lemma divisor_summatory_error_le:
  fixes M :: nat
  assumes "1 \<le> M"
  shows "\<bar>real (\<Sum>n\<in>{1..M}. tau n) - real M * (ln (real M) + 2 * euler_mascheroni - 1)\<bar>
           \<le> 6 * sqrt (real M)"
proof -
  define r where "r = sqrt (real M)"
  define N where "N = nat \<lfloor>r\<rfloor>"
  have r: "1 \<le> r" "r * r = real M" using assms by (simp_all add: r_def)
  have N: "real N \<le> r" "r < real N + 1" "1 \<le> N" using r by (simp_all add: N_def le_nat_iff)
  have square_le: "real (N * N) \<le> real M" using N r mult_mono[of "real N" r "real N" r] by simp
  moreover have "real M < real (Suc N * Suc N)"
    using N r mult_strict_mono[of r "real N + 1" r "real N + 1"] by (simp add: algebra_simps)
  ultimately have "(\<Sum>n\<in>{1..M}. tau n) + N * N = 2 * (\<Sum>d\<in>{1..N}. M div d)"
    using card_lattice_points_hyperbola[of N M] sum_tau_eq_card_lattice_points[of M]
    by (simp only: of_nat_le_iff of_nat_less_iff)
  then have "real (\<Sum>n\<in>{1..M}. tau n) + real N * real N = 2 * (\<Sum>d\<in>{1..N}. real (M div d))"
    by (metis of_nat_add of_nat_mult of_nat_numeral of_nat_sum)
  then have hyperbola:
    "real (\<Sum>n\<in>{1..M}. tau n) = 2 * (\<Sum>d\<in>{1..N}. real (M div d)) - real N * real N"
    by linarith
  define \<theta> where "\<theta> = harm N - ln (real N) - euler_mascheroni"
  have \<theta>: "0 \<le> \<theta>" "\<theta> \<le> 1 / real N"
    using harm_minus_ln_bounds[OF N(3)] by (simp_all add: \<theta>_def)
  have ln_r: "0 \<le> ln r - ln (real N)" "ln r - ln (real N) \<le> 1 / real N"
    using N ln_diff_le_divide[of "real N" r] divide_right_mono[of "r - real N" 1 "real N"] by auto
  have "real M \<le> 2 * real N * r" using N r mult_right_mono[of r "2 * real N" r] by linarith
  then have M_div_N: "real M * (1 / real N) \<le> 2 * r" using N by (simp add: field_simps)
  have "real M - real N * real N = (r - real N) * (r + real N)" using r by (simp add: algebra_simps)
  also have "\<dots> \<le> 1 * (r + real N)" using N by (intro mult_right_mono) auto
  also have "\<dots> \<le> 2 * r" using N by simp
  finally have square: "real M - real N * real N \<le> 2 * r" .
  \<comment> \<open>Besides the fractional parts of \<open>M / d\<close>, the error consists of
    \<open>harm N - ln N - \<gamma>\<close> and \<open>ln \<surd>M - ln N\<close>, each \<open>O(1/N)\<close> and multiplied by \<open>M\<close>.\<close>
  have "ln (real M) = 2 * ln r" using r by (metis ln_mult_pos mult_2 zero_less_one less_le_trans)
  then have "real (\<Sum>n\<in>{1..M}. tau n) - real M * (ln (real M) + 2 * euler_mascheroni - 1)
      = 2 * (\<Sum>d\<in>{1..N}. real (M div d)) - 2 * (real M * harm N) + 2 * (real M * \<theta>)
        - 2 * (real M * (ln r - ln (real N))) + (real M - real N * real N)"
    unfolding hyperbola \<theta>_def by (simp add: algebra_simps)
  moreover have "real M * \<theta> \<le> 2 * r" "real M * (ln r - ln (real N)) \<le> 2 * r"
    using M_div_N mult_left_mono[OF \<theta>(2), of "real M"] mult_left_mono[OF ln_r(2), of "real M"] by auto
  moreover have "0 \<le> real M - real N * real N" using square_le by simp
  moreover have "0 \<le> real M * \<theta>" "0 \<le> real M * (ln r - ln (real N))" using \<theta>(1) ln_r(1) by simp_all
  ultimately show ?thesis
    using sum_div_harm_bounds[of M N] N(1) square unfolding r_def[symmetric]
    by - (rule abs_leI; linarith)
qed

lemma ln_le_two_sqrt: "0 < t \<Longrightarrow> ln t \<le> 2 * sqrt t"
proof -
  assume t: "0 < t"
  have "ln t = 2 * ln (sqrt t)" using t by (simp add: ln_sqrt)
  also have "\<dots> \<le> 2 * (sqrt t - 1)" using t by (intro mult_left_mono ln_le_minus_one) auto
  finally show ?thesis by simp
qed

lemma minus_ln_le_two_div_sqrt: "0 < t \<Longrightarrow> - ln t \<le> 2 / sqrt t"
  using ln_le_two_sqrt[of "1 / t"] by (simp add: ln_div real_sqrt_divide)

lemma abs_ln_le_two_sqrt:
  assumes "0 < t" shows "\<bar>ln t\<bar> \<le> 2 * sqrt t + 2 / sqrt t"
proof -
  have "0 \<le> 2 / sqrt t" "0 \<le> 2 * sqrt t" using assms by simp_all
  then show ?thesis using ln_le_two_sqrt[OF assms] minus_ln_le_two_div_sqrt[OF assms] by linarith
qed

- WHAT YOU HAVE TO DO -
Print every record exactly as it was given.

- SOLUTION BELOW -
lemma divisor_summatory_error_le:
  fixes M :: nat
  assumes "1 \<le> M"
  shows "\<bar>real (\<Sum>n\<in>{1..M}. tau n) - real M * (ln (real M) + 2 * euler_mascheroni - 1)\<bar>
           \<le> 6 * sqrt (real M)"
proof -
  define r where "r = sqrt (real M)"
  define N where "N = nat \<lfloor>r\<rfloor>"
  have r: "1 \<le> r" "r * r = real M" using assms by (simp_all add: r_def)
  have N: "real N \<le> r" "r < real N + 1" "1 \<le> N" using r by (simp_all add: N_def le_nat_iff)
  have square_le: "real (N * N) \<le> real M" using N r mult_mono[of "real N" r "real N" r] by simp
  moreover have "real M < real (Suc N * Suc N)"
    using N r mult_strict_mono[of r "real N + 1" r "real N + 1"] by (simp add: algebra_simps)
  ultimately have "(\<Sum>n\<in>{1..M}. tau n) + N * N = 2 * (\<Sum>d\<in>{1..N}. M div d)"
    using card_lattice_points_hyperbola[of N M] sum_tau_eq_card_lattice_points[of M]
    by (simp only: of_nat_le_iff of_nat_less_iff)
  then have "real (\<Sum>n\<in>{1..M}. tau n) + real N * real N = 2 * (\<Sum>d\<in>{1..N}. real (M div d))"
    by (metis of_nat_add of_nat_mult of_nat_numeral of_nat_sum)
  then have hyperbola:
    "real (\<Sum>n\<in>{1..M}. tau n) = 2 * (\<Sum>d\<in>{1..N}. real (M div d)) - real N * real N"
    by linarith
  define \<theta> where "\<theta> = harm N - ln (real N) - euler_mascheroni"
  have \<theta>: "0 \<le> \<theta>" "\<theta> \<le> 1 / real N"
    using harm_minus_ln_bounds[OF N(3)] by (simp_all add: \<theta>_def)
  have ln_r: "0 \<le> ln r - ln (real N)" "ln r - ln (real N) \<le> 1 / real N"
    using N ln_diff_le_divide[of "real N" r] divide_right_mono[of "r - real N" 1 "real N"] by auto
  have "real M \<le> 2 * real N * r" using N r mult_right_mono[of r "2 * real N" r] by linarith
  then have M_div_N: "real M * (1 / real N) \<le> 2 * r" using N by (simp add: field_simps)
  have "real M - real N * real N = (r - real N) * (r + real N)" using r by (simp add: algebra_simps)
  also have "\<dots> \<le> 1 * (r + real N)" using N by (intro mult_right_mono) auto
  also have "\<dots> \<le> 2 * r" using N by simp
  finally have square: "real M - real N * real N \<le> 2 * r" .
  \<comment> \<open>Besides the fractional parts of \<open>M / d\<close>, the error consists of
    \<open>harm N - ln N - \<gamma>\<close> and \<open>ln \<surd>M - ln N\<close>, each \<open>O(1/N)\<close> and multiplied by \<open>M\<close>.\<close>
  have "ln (real M) = 2 * ln r" using r by (metis ln_mult_pos mult_2 zero_less_one less_le_trans)
  then have "real (\<Sum>n\<in>{1..M}. tau n) - real M * (ln (real M) + 2 * euler_mascheroni - 1)
      = 2 * (\<Sum>d\<in>{1..N}. real (M div d)) - 2 * (real M * harm N) + 2 * (real M * \<theta>)
        - 2 * (real M * (ln r - ln (real N))) + (real M - real N * real N)"
    unfolding hyperbola \<theta>_def by (simp add: algebra_simps)
  moreover have "real M * \<theta> \<le> 2 * r" "real M * (ln r - ln (real N)) \<le> 2 * r"
    using M_div_N mult_left_mono[OF \<theta>(2), of "real M"] mult_left_mono[OF ln_r(2), of "real M"] by auto
  moreover have "0 \<le> real M - real N * real N" using square_le by simp
  moreover have "0 \<le> real M * \<theta>" "0 \<le> real M * (ln r - ln (real N))" using \<theta>(1) ln_r(1) by simp_all
  ultimately show ?thesis
    using sum_div_harm_bounds[of M N] N(1) square unfolding r_def[symmetric]
    by - (rule abs_leI; linarith)
qed

lemma ln_le_two_sqrt: "0 < t \<Longrightarrow> ln t \<le> 2 * sqrt t"
proof -
  assume t: "0 < t"
  have "ln t = 2 * ln (sqrt t)" using t by (simp add: ln_sqrt)
  also have "\<dots> \<le> 2 * (sqrt t - 1)" using t by (intro mult_left_mono ln_le_minus_one) auto
  finally show ?thesis by simp
qed

lemma minus_ln_le_two_div_sqrt: "0 < t \<Longrightarrow> - ln t \<le> 2 / sqrt t"
  using ln_le_two_sqrt[of "1 / t"] by (simp add: ln_div real_sqrt_divide)

lemma abs_ln_le_two_sqrt:
  assumes "0 < t" shows "\<bar>ln t\<bar> \<le> 2 * sqrt t + 2 / sqrt t"
proof -
  have "0 \<le> 2 / sqrt t" "0 \<le> 2 * sqrt t" using assms by simp_all
  then show ?thesis using ln_le_two_sqrt[OF assms] minus_ln_le_two_div_sqrt[OF assms] by linarith
qed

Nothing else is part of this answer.